Published: 5/3/2018 5:12:31 PM
A pair of bills intended to shore up funding for the state’s Division for Children, Youth and Families and mental health services passed the House Thursday – but only after significant reductions from what the Senate had originally approved.
Senate Bills 592 and 590 will go back to the Senate after voice votes in the House. The first, SB 592, would add more than 30 new positions to DCYF, which has been shaken by a pair of high-profile deaths of children under its watch. The bill contains more than $4 million intended to help restore services, reduce workloads and prevent future child fatalities.
SB 590, meanwhile, includes $5.4 million to provide services to cut down on the developmental disability waitlist; currently hundreds in the state are awaiting admissions to program. Half of that would come from federal money.
The bills are intended to address what has been a growing backlog for both family services and mental health care in the state, But many of the funds were reduced from their original intended levels by the House Finance committee. That committee, led by Rep. Neal Kurk, R-Weare, found a unique funding mechanism for both bills: excess revenue from the federal Children’s Health Insurance Program that came through after a congressional spending bill in February.

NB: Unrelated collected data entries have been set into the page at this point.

lemma pendant_P5_removal:
  assumes "subcubic_tree V E" "pendant_P5 V E u x y z j k"
  shows "subcubic_tree (V - {x, y, z, j, k}) {e \<in> E. e \<subseteq> V - {x, y, z, j, k}}"
    and "E = {e \<in> E. e \<subseteq> V - {x, y, z, j, k}} \<union> {{u, z}, {z, y}, {z, j}, {y, x}, {j, k}}"
proof -
  let ?P = "{x, y, z, j, k}"
  let ?V' = "V - ?P" and ?E' = "{e \<in> E. e \<subseteq> V - ?P}"
  have sg: "simple_graph V E" and conn: "connected_graph V E"
    using assms(1) unfolding subcubic_tree_def tree_def by auto
  have u: "u \<in> ?V'" using pendant_P5_in_V(2)[OF assms(2)] pendant_P5D(2)[OF assms(2)] by blast
  note edge = pendant_P5_edge[OF sg assms(2)]
  have exit_u: "b = u" if "adj E a b" "a \<in> ?P" "b \<notin> ?P" for a b
    using edge[OF that(1,2)] that(3) by (auto simp: doubleton_eq_iff)
  show "E = ?E' \<union> {{u, z}, {z, y}, {z, j}, {y, x}, {j, k}}"
  proof
    show "?E' \<union> {{u, z}, {z, y}, {z, j}, {y, x}, {j, k}} \<subseteq> E"
      using pendant_P5_edges_in[OF assms(2)] by blast
    show "E \<subseteq> ?E' \<union> {{u, z}, {z, y}, {z, j}, {y, x}, {j, k}}"
    proof
      fix e assume "e \<in> E"
      then obtain a b where e: "e = {a, b}" "a \<in> V" "b \<in> V"
        using sg unfolding simple_graph_def by blast
      have ba: "{b, a} = e" unfolding e(1) by (rule insert_commute)
      have ab: "adj E a b" "adj E b a" using \<open>e \<in> E\<close> unfolding adj_def ba by (simp_all add: e(1))
      consider "a \<notin> ?P" "b \<notin> ?P" | "a \<in> ?P" | "b \<in> ?P" by blast
      then show "e \<in> ?E' \<union> {{u, z}, {z, y}, {z, j}, {y, x}, {j, k}}"
      proof cases
        case 1
        then have "e \<subseteq> ?V'" using e by blast
        then show ?thesis using \<open>e \<in> E\<close> by (intro UnI1) simp
      next
        case 2
        show ?thesis unfolding e(1) by (rule UnI2) (rule edge[OF ab(1) 2])
      next
        case 3
        show ?thesis unfolding ba[symmetric] by (rule UnI2) (rule edge[OF ab(2) 3])
      qed
    qed
  qed
  have "connected_graph ?V' ?E'"
  proof (rule connected_graph_retract[OF conn, where f = "\<lambda>v. if v \<in> ?P then u else v"])
    fix a b assume ab: "a \<in> V" "b \<in> V" "adj E a b"
    then have ba: "adj E b a" by (simp add: adj_commute)
    consider "a \<in> ?P" "b \<in> ?P" | "a \<in> ?P" "b \<notin> ?P" | "a \<notin> ?P" "b \<in> ?P" | "a \<notin> ?P" "b \<notin> ?P"
      by blast
    then show "(if a \<in> ?P then u else a) = (if b \<in> ?P then u else b) \<or>
        adj ?E' (if a \<in> ?P then u else a) (if b \<in> ?P then u else b)"
    proof cases
      case 2
      then show ?thesis using exit_u[OF ab(3)] by simp
    next
      case 3
      then show ?thesis using exit_u[OF ba] by simp
    next
      case 4
      then show ?thesis using ab by (simp add: adj_induced)
    qed simp
  qed (use u in auto)
  then show "subcubic_tree ?V' ?E'"
    by (intro subcubic_tree_induced[OF assms(1)]) (use u in auto)
qed

lemma card_remove_pendant_P5:
  assumes "finite V" "pendant_P5 V E u x y z j k"
  shows "card V = card (V - {x, y, z, j, k}) + 5"
proof -
  have "{x, y, z, j, k} \<subseteq> V" "card {x, y, z, j, k} = 5"
    using pendant_P5_in_V(1)[OF assms(2)] pendant_P5D(1)[OF assms(2)] by auto
  then show ?thesis using card_Int_Diff[OF assms(1), of "{x, y, z, j, k}"] by (simp add: Int_absorb1)
qed

lemma dissociation_number_remove_pendant_P5:
  assumes "finite V" "pendant_P5 V E u x y z j k" "dissociation_set V E F" "z \<notin> F"
  shows "card F \<le> dissociation_number (V - {x, y, z, j, k}) {e \<in> E. e \<subseteq> V - {x, y, z, j, k}} + 4"
proof -
  let ?P = "{x, y, z, j, k}"
  have "dissociation_set (V - ?P) {e \<in> E. e \<subseteq> V - ?P} (F - ?P)"
  proof (rule dissociation_set_subgraph[OF assms(3,1)])
    show "F - ?P \<subseteq> V - ?P" using assms(3) unfolding dissociation_set_def by blast
  qed (simp_all add: adj_induced)
  then have "card (F - ?P) \<le> dissociation_number (V - ?P) {e \<in> E. e \<subseteq> V - ?P}"
    using assms(1) by (intro card_le_dissociation_number) simp
  moreover have "card (F \<inter> ?P) \<le> card {x, y, j, k}" using assms(4) by (intro card_mono) auto
  moreover have "card {x, y, j, k} = 4" using pendant_P5D(1)[OF assms(2)] by simp
  moreover have "finite F" using assms(1,3) finite_subset unfolding dissociation_set_def by blast
  ultimately show ?thesis using card_Int_Diff[of F ?P] by linarith
qed

section \<open>Structure of extremal dissociation sets\<close>

locale extremal_dissociation_set =
  fixes V :: "'a set" and E :: "'a set set" and F :: "'a set"
  assumes subcubic: "subcubic_tree V E"
    and dissociation: "dissociation_set V E F"
    and extremal: "5 * card F = 4 * card V + 2"
begin

lemma simple: "simple_graph V E" and connected: "connected_graph V E"
  and max_degree: "\<forall>v\<in>V. degree V E v \<le> 3"
  using subcubic unfolding subcubic_tree_def tree_def by auto

lemma finite_V: "finite V"
  using simple by (rule simple_graph_finite)

lemma F_subset: "F \<subseteq> V"
  using dissociation unfolding dissociation_set_def by simp

lemma finite_F: "finite F"
  using finite_V F_subset by (rule finite_subset[rotated])

lemma card_V: "card V = card F + card (V - F)"
  using finite_V F_subset by (metis card_Diff_subset card_mono finite_F le_add_diff_inverse)

lemma card_F: "card F = 4 * card (V - F) + 2"
  using extremal card_V by linarith

lemma tight_sums:
  "(\<Sum>v\<in>F. card (nbrs F E v)) = (\<Sum>v\<in>F. 1)"
  "(\<Sum>v\<in>V - F. 2 * card (nbrs F E v) + card (nbrs (V - F) E v)) = (\<Sum>v\<in>V - F. 6)"
  using dissociation_degree_count[OF simple connected max_degree dissociation] card_V card_F
  by simp_all

lemma card_nbrs_in_F: "v \<in> F \<Longrightarrow> card (nbrs F E v) = 1"
  using dissociation unfolding dissociation_set_def
  by (intro sum_mono_inv[OF tight_sums(1)] finite_F) auto

lemma outside_F_nbrs:
  assumes "v \<in> V - F"
  shows "card (nbrs F E v) = 3" and "nbrs (V - F) E v = {}"
proof -
  have "2 * card (nbrs F E v) + card (nbrs (V - F) E v) = 6"
    using assms finite_V max_degree degree_split[OF finite_V F_subset]
    by (intro sum_mono_inv[OF tight_sums(2)]) fastforce+
  moreover have "card (nbrs F E v) + card (nbrs (V - F) E v) \<le> 3"
    using assms max_degree degree_split[OF finite_V F_subset] by fastforce
  ultimately have "card (nbrs F E v) = 3" "card (nbrs (V - F) E v) = 0" by linarith+
  then show "card (nbrs F E v) = 3" and "nbrs (V - F) E v = {}"
    using finite_V by simp_all
qed

definition partner :: "'a \<Rightarrow> 'a" where
  "partner v = (THE w. w \<in> F \<and> adj E w v)"

lemma nbrs_F_partner:
  assumes "v \<in> F"
  shows "nbrs F E v = {partner v}"
proof -
  obtain w where w: "nbrs F E v = {w}"
    using card_nbrs_in_F[OF assms] by (auto simp: card_1_singleton_iff)
  then have "partner v = w" unfolding partner_def by (intro the_equality) blast+
  with w show ?thesis by simp
qed

lemma partner_in_F_adj: "v \<in> F \<Longrightarrow> partner v \<in> F \<and> adj E (partner v) v"
  using nbrs_F_partner by blast

lemma partner_unique: "v \<in> F \<Longrightarrow> w \<in> F \<Longrightarrow> adj E w v \<Longrightarrow> w = partner v"
  using nbrs_F_partner by blast

lemma partner_partner: "v \<in> F \<Longrightarrow> partner (partner v) = v"
  using partner_in_F_adj partner_unique adj_commute by metis

lemma partner_neq: "v \<in> F \<Longrightarrow> partner v \<noteq> v"
  using partner_in_F_adj simple_graph_adj_irrefl[OF simple] by metis

lemma nbrs_of_F:
  "v \<in> F \<Longrightarrow> nbrs V E v = insert (partner v) (nbrs (V - F) E v)"
  using nbrs_F_partner F_subset by blast

definition outdeg :: "'a \<Rightarrow> nat" where
  "outdeg v = card (nbrs (V - F) E v)"

lemma outdeg_zero: "outdeg v = 0 \<longleftrightarrow> nbrs (V - F) E v = {}"
  unfolding outdeg_def using finite_V by simp

lemma sum_outdeg: "(\<Sum>v\<in>F. outdeg v) = 3 * card (V - F)"
  unfolding outdeg_def using finite_F finite_V outside_F_nbrs(1)
  by (intro sum_multicount) (auto simp: adj_commute)

lemma sum_outdeg_partner: "(\<Sum>v\<in>F. outdeg (partner v)) = (\<Sum>v\<in>F. outdeg v)"
proof -
  have "bij_betw partner F F"
    using partner_in_F_adj partner_partner by (intro bij_betw_byWitness[where f' = partner]) auto
  then show ?thesis by (rule sum.reindex_bij_betw)
qed

text \<open>Connectivity forces every edge of the induced matching F to see a vertex outside F.\<close>
lemma outdeg_matching_edge_pos:
  assumes "V - F \<noteq> {}" "v \<in> F"
  shows "1 \<le> outdeg v + outdeg (partner v)"
proof (rule ccontr)
  assume "\<not> ?thesis"
  then have "outdeg v = 0" "outdeg (partner v) = 0" by simp_all
  then have no_out: "nbrs (V - F) E v = {}" "nbrs (V - F) E (partner v) = {}"
    by (simp_all only: outdeg_zero)
  have closed: "b \<in> {v, partner v}" if "a \<in> {v, partner v}" "adj E a b" for a b
  proof -
    have "b \<in> V" using simple_graph_adjD[OF simple that(2)] by simp
    moreover have "adj E b a" using that(2) by (simp add: adj_commute)
    ultimately have "b \<in> F" using that(1) no_out by blast
    from that(1) consider "a = v" | "a = partner v" by blast
    then show ?thesis
    proof cases
      case 1
      then show ?thesis using partner_unique[OF assms(2) \<open>b \<in> F\<close>] \<open>adj E b a\<close> by simp
    next
      case 2
      then have "b = partner (partner v)"
        using partner_unique[OF _ \<open>b \<in> F\<close>] partner_in_F_adj[OF assms(2)] \<open>adj E b a\<close> by simp
      then show ?thesis using partner_partner[OF assms(2)] by simp
    qed
  qed
  obtain s where s: "s \<in> V - F" using assms(1) by blast
  then obtain p where p: "p \<noteq> []" "hd p = v" "last p = s" "walk E p"
    using connected assms(2) F_subset unfolding connected_graph_def by blast
  have "set p \<subseteq> {v, partner v}" by (rule walk_set_closed[OF p(4)]) (use p(2) closed in auto)
  then have "s \<in> {v, partner v}" using p(1,3) last_in_set by blast
  then show False using s assms(2) partner_in_F_adj by auto
qed

text \<open>In a pendant P5 x y z j k, the vertices y and j are leaf supports.\<close>
definition leaf_supports :: "'a set" where
  "leaf_supports = {v \<in> F. outdeg v = 1 \<and> outdeg (partner v) = 0}"

text \<open>The 2|V - F| + 1 matching edges see V - F only 3|V - F| times, at least once each.\<close>
lemma card_leaf_supports:
  assumes "V - F \<noteq> {}"
  shows "card (V - F) + 2 \<le> card leaf_supports"
proof -
  define light where "light = {v \<in> F. outdeg v + outdeg (partner v) \<le> 1}"
  have "(\<Sum>v\<in>F. 2) \<le> (\<Sum>v\<in>F. outdeg v + outdeg (partner v) + (if v \<in> light then 1 else 0))"
    using outdeg_matching_edge_pos[OF assms] unfolding light_def by (intro sum_mono) force
  also have "\<dots> = 6 * card (V - F) + card light"
    using finite_F sum_outdeg sum_outdeg_partner
    by (simp add: sum.distrib sum.If_cases light_def Int_def)
  finally have "2 * card (V - F) + 4 \<le> card light" using card_F by simp
  also have "card light \<le> card (leaf_supports \<union> partner ` leaf_supports)"
  proof (rule card_mono)
    show "finite (leaf_supports \<union> partner ` leaf_supports)"
      using finite_F unfolding leaf_supports_def by simp
    show "light \<subseteq> leaf_supports \<union> partner ` leaf_supports"
    proof
      fix v assume "v \<in> light"
      then have "v \<in> F" "outdeg v + outdeg (partner v) = 1"
        using outdeg_matching_edge_pos[OF assms] unfolding light_def by force+
      then show "v \<in> leaf_supports \<union> partner ` leaf_supports"
        unfolding leaf_supports_def using partner_in_F_adj partner_partner
        by (cases "outdeg v = 1") (auto intro!: image_eqI[of v partner "partner v"])
    qed
  qed
  also have "\<dots> \<le> card leaf_supports + card (partner ` leaf_supports)"
    by (rule card_Un_le)
  also have "card (partner ` leaf_supports) \<le> card leaf_supports"
    using finite_F unfolding leaf_supports_def by (intro card_image_le) simp
  finally show ?thesis by linarith
qed
(* Let $\nu,\beta>0$, $\rho>1$, $n\ge1$, and let $X,X_1,\ldots,X_n$ be i.i.d. $\mathrm{Pareto}(\nu,\beta)$. Let $J_n\coloneqq\log_\rho X_{(n)}$ where $X_{(n)}=\max_iX_i$, and define \[p_{\mathrm{last}}\coloneqq\Pr\left(\rho^{\lceil J_n\rceil-1}<X\le\rho^{\lceil J_n\rceil}\right),\qquad p_{\mathrm{tail}}\coloneqq\Pr\left(X>\rho^{\lceil J_n\rceil}\right)\] (probabilities taken jointly over $X$ and $X_1,\ldots,X_n$). Then \[p_{\mathrm{last}}\le\frac{\rho^\beta-\rho^{-\beta}}{n+1}\qquad\text{and}\qquad\frac{\rho^{-\beta}}{n+1}\le p_{\mathrm{tail}}\le\frac{1}{n+1}.\]
   Context: $\mathrm{Pareto}(\nu,\beta)$ has CDF $1-(\nu/x)^\beta$ for $x>\nu$. *)

theory Defs
  imports "HOL-Probability.Probability"
begin

definition pareto_cdf :: "real \<Rightarrow> real \<Rightarrow> real \<Rightarrow> real" where
  "pareto_cdf \<nu> \<beta> x = (if \<nu> < x then 1 - (\<nu> / x) powr \<beta> else 0)"

end

theory Submission
  imports Defs
begin

text \<open>
  Let \<open>Z = max(X\<^sub>1, \<dots>, X\<^sub>n)\<close> and let \<open>S = 1 - F\<close> be the Pareto survival function.
  Since \<open>Z\<close> is independent of \<open>X\<^sub>0\<close>, conditioning on \<open>Z\<close> gives \<open>P(g(Z) < X\<^sub>0) = E[S(g(Z))]\<close>.
  As \<open>Z\<close> has distribution function \<open>F ^ n\<close>, we get \<open>P(S(Z) \<ge> t) = (1 - t) ^ n\<close> for
  \<open>t \<in> [0,1]\<close>, hence \<open>E[S(Z)] = 1/(n+1)\<close> by the layer-cake formula. Moreover
  \<open>S(\<rho> z) \<ge> \<rho> powr (-\<beta>) S(z)\<close> and \<open>F(\<rho> z) - F(z/\<rho>) \<le> (\<rho> powr \<beta> - \<rho> powr (-\<beta>)) S(z)\<close>.
  Finally \<open>Z > 0\<close> almost surely, and then \<open>Z \<le> \<rho> powr \<lceil>J\<rceil> < \<rho> Z\<close>: the tail event lies
  between \<open>{\<rho> Z < X\<^sub>0}\<close> and \<open>{Z < X\<^sub>0}\<close>, and the last-bucket event lies inside
  \<open>{Z/\<rho> < X\<^sub>0 \<le> \<rho> Z}\<close>.
\<close>

lemma borel_measurable_pareto_cdf[measurable]: "pareto_cdf \<nu> \<beta> \<in> borel_measurable borel"
  unfolding pareto_cdf_def[abs_def] by measurable

lemma pareto_cdf_le_one: "pareto_cdf \<nu> \<beta> x \<le> 1"
  by (simp add: pareto_cdf_def)

lemma pareto_survival_eq:
  assumes "\<nu> > 0" "\<beta> > 0" "x > 0"
  shows "1 - pareto_cdf \<nu> \<beta> x = min 1 ((\<nu> / x) powr \<beta>)"
proof (cases "\<nu> < x")
  case True
  then have "(\<nu> / x) powr \<beta> < 1 powr \<beta>"
    using assms by (intro powr_less_mono2) auto
  then show ?thesis using True by (simp add: pareto_cdf_def)
next
  case False
  then have "1 \<le> (\<nu> / x) powr \<beta>" using assms by (simp add: ge_one_powr_ge_zero)
  then show ?thesis using False by (simp add: pareto_cdf_def)
qed

lemma pareto_cdf_nonneg:
  assumes "\<nu> > 0" "\<beta> > 0"
  shows "0 \<le> pareto_cdf \<nu> \<beta> x"
proof (cases "\<nu> < x")
  case True
  then show ?thesis using pareto_survival_eq[OF assms, of x] assms by simp
qed (simp add: pareto_cdf_def)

The bills will head to the Senate, which could vote to concur or force it to a committee of conference if it wanted to negotiate higher funds. Gov. Chris Sununu has expressed strong support for the legislation, praising them in a statement Thursday morning.
“We are making great strides forward, but more work is needed and that is why Senate Bills 590 and 592 are so critical,” he said. “I’m also pleased that we are making critical investments to our foster care system, restoring critical voluntary services for families, reducing the developmental disabilities waitlist and supporting our student loan repayment program.”